ときには灰色の車の行列が目に見えない道に沿って這《は》いずるようにやってくる。悪寒を走らせるような軋《きし》を立てて止まると、そこから即座に灰色の人間の群れが手に手に鉛の鋤《すき》を持って降り立ち、そこら中をひっかきまわしたあげく、一面が雲に覆われ、他人の視界からはなんの作業をやっているのかわからなくなってしまう。
だが、この灰色の土地、終わりなく立ちこめる荒涼《こうりょう》とした塵の向こうを見透かそうとしてみたならば、やがて、高みから見下ろすT・J・エクルバーグ博士の瞳が見えてくることだろう。
T・J・エクルバーグ博士の瞳は青く、並外れて大きい――網膜《もうまく》は縦一メートル近くもある。
それが乗るべき顔面はなく、その代わりに、実在しない鼻をまたいで繋がっている巨大な黄色い眼鏡をかけている。
あきらかに、でたらめな道化者《どうけもの》の眼科医が、クイーンズ区あたりの自分の診療所をにぎわそうとして設置したに違いない。
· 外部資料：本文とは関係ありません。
theorem frobenius_koenig:
  fixes A :: "('v::linorder, 'a::idom) mpoly mat"
  assumes A: "sparse_generic_mat n A"
    and "R \<subseteq> {..<n}" "C \<subseteq> {..<n}" "card R = card C" "det (submatrix A R C) = 0"
  shows "\<exists>I J. I \<subseteq> R \<and> J \<subseteq> C \<and> card I + card J = card R + 1 \<and> (\<forall>i\<in>I. \<forall>j\<in>J. A $$ (i, j) = 0)"
  using assms(2-)
proof (induction "card R" arbitrary: R C rule: less_induct)
  case less
  note R = less.prems(1) and C = less.prems(2) and RC = less.prems(3) and det0 = less.prems(4)
  have carrier: "A \<in> carrier_mat n n"
    using A by (simp add: sparse_generic_mat_def)
  have fin: "finite R" "finite C"
    using finite_subset[OF R] finite_subset[OF C] by auto
  have "R \<noteq> {}"
    using det0 submatrix_carrier_mat[OF carrier R C] RC by auto
  then obtain r where r: "r \<in> R"
    by blast
  show ?case
  proof (cases "\<forall>c\<in>C. A $$ (r, c) = 0")
    case True
    then show ?thesis
      using r RC by (intro exI[of _ "{r}"] exI[of _ C]) auto
  next
    case False
    then obtain c where c: "c \<in> C" "A $$ (r, c) \<noteq> 0"
      by blast
    have "det (submatrix A (R - {r}) (C - {c})) = 0"
      using sparse_generic_det_submatrix_zero_minor[OF A R C RC r c det0] .
    moreover have "card (R - {r}) < card R"
      using fin(1) r by (rule card_Diff1_less)
    moreover have "card (R - {r}) = card (C - {c})"
      using r c fin RC by simp
    ultimately obtain I' J' where I': "I' \<subseteq> R - {r}" and J': "J' \<subseteq> C - {c}"
      and "card I' + card J' = card (R - {r}) + 1" and zero': "\<forall>i\<in>I'. \<forall>j\<in>J'. A $$ (i, j) = 0"
      using less.hyps[of "R - {r}" "C - {c}"] R C by blast
    then have IJ': "card I' + card J' = card R"
      using r fin card_Diff1_less[of R r] by simp
    have fin': "finite I'" "finite J'" and sub': "I' \<subseteq> R" "J' \<subseteq> C"
      using finite_subset[OF I'] finite_subset[OF J'] fin I' J' by auto
    have card_I': "card I' < card R" and card_J': "card J' < card R"
      using card_mono[OF _ I'] card_mono[OF _ J'] card_Diff1_less[of R r] card_Diff1_less[of C c]
        r c fin RC by fastforce+
    from det_submatrix_zero_block_split[OF carrier R C RC _ _ IJ' zero' det0] I' J'
    consider "det (submatrix A I' (C - J')) = 0" | "det (submatrix A (R - I') J') = 0"
      by blast
    then show ?thesis
    proof cases
      case 1
      have "card I' = card (C - J')" "I' \<subseteq> {..<n}" "C - J' \<subseteq> {..<n}"
        using card_Diff_subset[OF fin'(2) sub'(2)] card_mono[OF fin(2) sub'(2)] IJ' RC sub' R C by auto
      then obtain I J where IJ: "I \<subseteq> I'" "J \<subseteq> C - J'" "card I + card J = card I' + 1"
        "\<forall>i\<in>I. \<forall>j\<in>J. A $$ (i, j) = 0"
        using less.hyps[OF card_I' _ _ _ 1] by blast
      have "card (J \<union> J') = card J + card J'"
        using finite_subset[OF IJ(2)] fin fin' IJ(2) by (intro card_Un_disjoint) auto
      then show ?thesis
        using IJ I' J' IJ' zero' by (intro exI[of _ I] exI[of _ "J \<union> J'"]) auto
    next
      case 2
      have "card (R - I') = card J'" "R - I' \<subseteq> {..<n}" "J' \<subseteq> {..<n}"
        using card_Diff_subset[OF fin'(1) sub'(1)] IJ' sub' R C by auto
      then obtain I J where IJ: "I \<subseteq> R - I'" "J \<subseteq> J'" "card I + card J = card J' + 1"
        "\<forall>i\<in>I. \<forall>j\<in>J. A $$ (i, j) = 0"
        using less.hyps[OF _ _ _ _ 2] card_J' by fastforce
      have "card (I \<union> I') = card I + card I'"
        using finite_subset[OF IJ(1)] fin fin' IJ(1) by (intro card_Un_disjoint) auto
      then show ?thesis
        using IJ I' J' IJ' zero' by (intro exI[of _ "I \<union> I'"] exI[of _ J]) auto
    qed
  qed
qed

section \<open>Irreducibility and the cofactors of the generic matrix\<close>

lemma generic_matrix_carrier: "generic_matrix m S \<in> carrier_mat m m"
  by (simp add: generic_matrix_def)

lemma dim_generic_matrix [simp]:
  "dim_row (generic_matrix m S) = m" "dim_col (generic_matrix m S) = m"
  by (simp_all add: generic_matrix_def)

lemma generic_matrix_index:
  "i < m \<Longrightarrow> j < m \<Longrightarrow> generic_matrix m S $$ (i, j) = (if (i, j) \<in> S then mvar (i, j) else 0)"
  by (simp add: generic_matrix_def)

lemma sparse_generic_mat_generic_matrix:
  "sparse_generic_mat m (generic_matrix m S :: (nat \<times> nat, 'a::comm_ring_1) mpoly mat)"
  unfolding sparse_generic_mat_def
  by (auto simp: generic_matrix_carrier generic_matrix_index mvar_inj)

lemma mpoly_vars_generic_matrix_entry:
  "i < m \<Longrightarrow> j < m \<Longrightarrow> mpoly_vars (generic_matrix m S $$ (i, j) :: (nat \<times> nat, 'a::comm_ring_1) mpoly) \<subseteq> S"
  by (simp add: generic_matrix_index)

lemma det_not_unit_if_entries_vanish:
  fixes B :: "('v, 'a::idom) mpoly mat"
  assumes B: "B \<in> carrier_mat N N" and N: "0 < N"
    and vanish: "\<And>i j. i < N \<Longrightarrow> j < N \<Longrightarrow> mpoly_eval x (B $$ (i, j)) = 0"
  shows "\<not> det B dvd 1"
proof
  interpret eval: comm_ring_hom "mpoly_eval x :: ('v, 'a) mpoly \<Rightarrow> 'a"
    by (rule comm_ring_hom_mpoly_eval)
  assume "det B dvd 1"
  then have "det (map_mat (mpoly_eval x) B) dvd 1"
    by (simp add: eval.hom_dvd_1)
  moreover have "map_mat (mpoly_eval x) B = 0\<^sub>m N N"
    using B vanish by (intro eq_matI) auto
  ultimately show False
    using N by (simp add: det_zero)
qed

lemma det_generic_submatrix_not_unit:
  assumes "I \<subseteq> {..<m}" "K \<subseteq> {..<m}" "card I = card K" "I \<noteq> {}"
  shows "\<not> det (submatrix (generic_matrix m S) I K :: (nat \<times> nat, 'a::idom) mpoly mat) dvd 1"
proof (rule det_not_unit_if_entries_vanish)
  show "submatrix (generic_matrix m S) I K \<in> carrier_mat (card I) (card I)"
    using submatrix_carrier_mat[OF generic_matrix_carrier assms(1,2)] assms(3) by simp
  show "0 < card I"
    using assms(1,4) finite_subset[OF assms(1)] by auto
  fix i j assume "i < card I" "j < card I"
  moreover have "pick I i < m" "pick K j < m" if "i < card I" "j < card K"
    using that pick_in_set_le[of i I] pick_in_set_le[of j K] assms(1,2) by auto
  ultimately show "mpoly_eval (\<lambda>_. 0) (submatrix (generic_matrix m S) I K $$ (i, j)) = (0::'a)"
    using assms(3)
    by (simp add: submatrix_index_subset[OF generic_matrix_carrier assms(1,2)] generic_matrix_index)
qed

text \<open>A zero block of total size m makes the determinant factor through two square blocks,
  each of which vanishes at the origin.\<close>
lemma generic_matrix_zero_block_not_irreducible:
  fixes S :: "(nat \<times> nat) set"
  assumes I: "I \<subseteq> {..<m}" "I \<noteq> {}" and J: "J \<subseteq> {..<m}" "J \<noteq> {}" and IJ: "card I + card J = m"
    and zero: "\<forall>i\<in>I. \<forall>j\<in>J. (generic_matrix m S :: (nat \<times> nat, 'a::idom) mpoly mat) $$ (i, j) = 0"
  shows "\<not> irreducible (det (generic_matrix m S :: (nat \<times> nat, 'a) mpoly mat))"
proof
  let ?G = "generic_matrix m S :: (nat \<times> nat, 'a) mpoly mat"
  assume irr: "irreducible (det ?G)"
  have fin: "finite J"
    using finite_subset[OF J(1)] by simp
  have card_K: "card I = card ({..<m} - J)" and card_RI: "card ({..<m} - I) = card J"
    using card_Diff_subset[OF fin J(1)] card_Diff_subset[OF finite_subset[OF I(1)] I(1)] IJ by auto
  have "{..<m} - ({..<m} - J) = J"
    using J by auto
  then obtain s where s: "s * s = 1" and "det (submatrix ?G {..<m} {..<m})
      = s * (det (submatrix ?G I ({..<m} - J)) * det (submatrix ?G ({..<m} - I) J))"
    using det_submatrix_block_triangular[OF generic_matrix_carrier subset_refl subset_refl refl I(1)
        Diff_subset card_K] zero by metis
  then have "det ?G = (s * det (submatrix ?G I ({..<m} - J))) * det (submatrix ?G ({..<m} - I) J)"
    by (simp add: submatrix_lessThan[OF generic_matrix_carrier] mult.assoc)
  then have "s * det (submatrix ?G I ({..<m} - J)) dvd 1 \<or> det (submatrix ?G ({..<m} - I) J) dvd 1"
    using irr unfolding irreducible_def by blast
  moreover have "s dvd 1"
    using s by (metis dvdI mult.commute)
  moreover have "{..<m} - I \<noteq> {}"
    using card_RI J(2) fin card_0_eq by fastforce
  ultimately show False
    using det_generic_submatrix_not_unit[OF I(1) Diff_subset card_K I(2)]
      det_generic_submatrix_not_unit[OF Diff_subset J(1) card_RI]
    by (auto simp: is_unit_mult_iff)
qed

lemma cofactor_generic_matrix_nonzero:
  assumes irr: "irreducible (det (generic_matrix m S :: (nat \<times> nat, 'a::idom) mpoly mat))"
    and i: "i < m" and k: "k < m"
  shows "cofactor (generic_matrix m S :: (nat \<times> nat, 'a) mpoly mat) i k \<noteq> 0"
proof
  let ?G = "generic_matrix m S :: (nat \<times> nat, 'a) mpoly mat"
  assume "cofactor ?G i k = 0"
  moreover have "mat_delete ?G i k = submatrix ?G ({..<m} - {i}) ({..<m} - {k})"
    using mat_delete_submatrix[OF generic_matrix_carrier[of m S] subset_refl subset_refl, of i k] i k
    by (simp add: pick_lessThan submatrix_lessThan[OF generic_matrix_carrier])
  ultimately have "det (submatrix ?G ({..<m} - {i}) ({..<m} - {k})) = 0"
    by (simp add: cofactor_def)
  then have "\<exists>I J. I \<subseteq> {..<m} - {i} \<and> J \<subseteq> {..<m} - {k} \<and>
      card I + card J = card ({..<m} - {i}) + 1 \<and> (\<forall>i\<in>I. \<forall>j\<in>J. ?G $$ (i, j) = 0)"
    using i k by (intro frobenius_koenig[OF sparse_generic_mat_generic_matrix]) auto
  then obtain I J where IJ: "I \<subseteq> {..<m} - {i}" "J \<subseteq> {..<m} - {k}" "card I + card J = m"
    and zero: "\<forall>i\<in>I. \<forall>j\<in>J. ?G $$ (i, j) = 0"
    using i by auto
  have "card I \<le> m - 1" "card J \<le> m - 1"
    using card_mono[OF _ IJ(1)] card_mono[OF _ IJ(2)] i k by auto
  then have "I \<noteq> {}" "J \<noteq> {}"
    using IJ(3) i by auto
  then show False
    using generic_matrix_zero_block_not_irreducible[OF _ _ _ _ IJ(3) zero] IJ(1,2) irr by blast
qed

text \<open>Replacing row i of A by the j-th unit row yields a matrix with determinant
  cofactor A i j that still annihilates any null vector of A vanishing at j.\<close>
lemma null_vector_entry_nonzero:
  fixes A :: "'a::field mat"
  assumes A: "A \<in> carrier_mat n n" and i: "i < n" and j: "j < n" and cof: "cofactor A i j \<noteq> 0"
    and \<psi>: "\<psi> \<in> carrier_vec n" "\<psi> \<noteq> 0\<^sub>v n" "A *\<^sub>v \<psi> = 0\<^sub>v n"
  shows "\<psi> $ j \<noteq> 0"
proof
  assume \<psi>j: "\<psi> $ j = 0"
  define B where "B = mat n n (\<lambda>(a, b). if a = i then (if b = j then 1 else 0) else A $$ (a, b))"
  have B: "B \<in> carrier_mat n n"
    by (simp add: B_def)
  have "mat_delete B i j = mat_delete A i j"
    using A by (intro eq_matI) (auto simp: mat_delete_def B_def)
  then have "cofactor B i j = cofactor A i j"
    by (simp add: cofactor_def)
  moreover have "det B = (\<Sum>b<n. B $$ (i, b) * cofactor B i b)"
    by (rule laplace_expansion_row[OF B i])
  moreover have "\<dots> = (\<Sum>b<n. if b = j then cofactor B i b else 0)"
    using i by (intro sum.cong) (auto simp: B_def)
  ultimately have "det B = cofactor A i j"
    using j by simp
  moreover have "B *\<^sub>v \<psi> = 0\<^sub>v n"
  proof (rule eq_vecI)
    fix a assume "a < dim_vec (0\<^sub>v n :: 'a vec)"
    then have a: "a < n"
      by simp
    show "(B *\<^sub>v \<psi>) $ a = 0\<^sub>v n $ a"
    proof (cases "a = i")
      case True
      then have "(B *\<^sub>v \<psi>) $ a = (\<Sum>b<n. (if b = j then 1 else 0) * \<psi> $ b)"
        using a \<psi>(1) by (auto simp: B_def scalar_prod_def atLeast0LessThan intro!: sum.cong)
      also have "\<dots> = (\<Sum>b<n. if b = j then \<psi> $ b else 0)"
        by (rule sum.cong) auto
      finally show ?thesis
        using a j \<psi>j by simp
    next
      case False
      then have "(B *\<^sub>v \<psi>) $ a = (A *\<^sub>v \<psi>) $ a"
        using a A \<psi>(1) by (auto simp: B_def scalar_prod_def intro!: sum.cong)
      then show ?thesis
        using a \<psi>(3) by simp
    qed
  qed (use B in simp)
  ultimately show False
    using det_0_iff_vec_prod_zero_field[OF B] \<psi> cof by auto
qed

lemma generic_matrix_zero_or_other_var:
  "i < m \<Longrightarrow> j < m \<Longrightarrow> (i, j) \<noteq> v \<Longrightarrow> zero_or_other_var v (generic_matrix m S $$ (i, j))"
  by (auto simp: generic_matrix_index zero_or_other_var_def)

lemma det_generic_matrix_not_dvd_row_cofactor_prod:
  assumes irr: "irreducible (det (generic_matrix m S :: (nat \<times> nat, 'a::idom) mpoly mat))"
    and i: "i < m"
  shows "\<not> det (generic_matrix m S) dvd (\<Prod>k<m. cofactor (generic_matrix m S :: (nat \<times> nat, 'a) mpoly mat) i k)"
proof -
  let ?G = "generic_matrix m S :: (nat \<times> nat, 'a) mpoly mat"
  let ?P = "\<Prod>k<m. cofactor ?G i k"
  interpret const: comm_ring_hom "\<lambda>a::(nat \<times> nat, 'a) mpoly. [:a:]"
    by (rule comm_ring_hom_const_poly)
  obtain j where j: "j < m" "(i, j) \<in> S"
  proof (rule ccontr)
    assume "\<not> thesis"
    then have "\<forall>j<m. (i, j) \<notin> S"
      using that by blast
    then have "det ?G = 0"
      using laplace_expansion_row[OF generic_matrix_carrier[of m S] i] i by (simp add: generic_matrix_index)
    then show False
      using irr by auto
  qed
  then have v: "?G $$ (i, j) = mvar (i, j)"
    using i by (simp add: generic_matrix_index)
  obtain b where "poly_in_var (i, j) (det ?G) = [:b, cofactor ?G i j:]"
    using poly_in_var_det_linear[OF generic_matrix_carrier i j(1) v] generic_matrix_zero_or_other_var by blast
  moreover have "cofactor ?G i j \<noteq> 0" "?P \<noteq> 0"
    using cofactor_generic_matrix_nonzero[OF irr i] j by auto
  moreover have "poly_in_var (i, j) (cofactor ?G i k) = [:cofactor ?G i k:]" for k
    by (rule poly_in_var_cofactor_const) (simp add: generic_matrix_zero_or_other_var)
  then have "poly_in_var (i, j) ?P = [:?P:]"
    by (simp add: poly_in_var.hom_prod const.hom_prod)
  ultimately show ?thesis
    by (rule not_dvd_if_poly_in_var_linear)
qed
そして、その医者自身が不治《ふじ》の無明《むみょう》に沈んでいったか、あるいは、忘れたまま引っ越してしまったのだろう。
けれどもその瞳は、ずっとペンキを塗りなおされておらず少し色褪《いろあ》せてはいたけれど、晴れの日も雨の日も、このごみ捨て場みたいな土地に目を光らせていた。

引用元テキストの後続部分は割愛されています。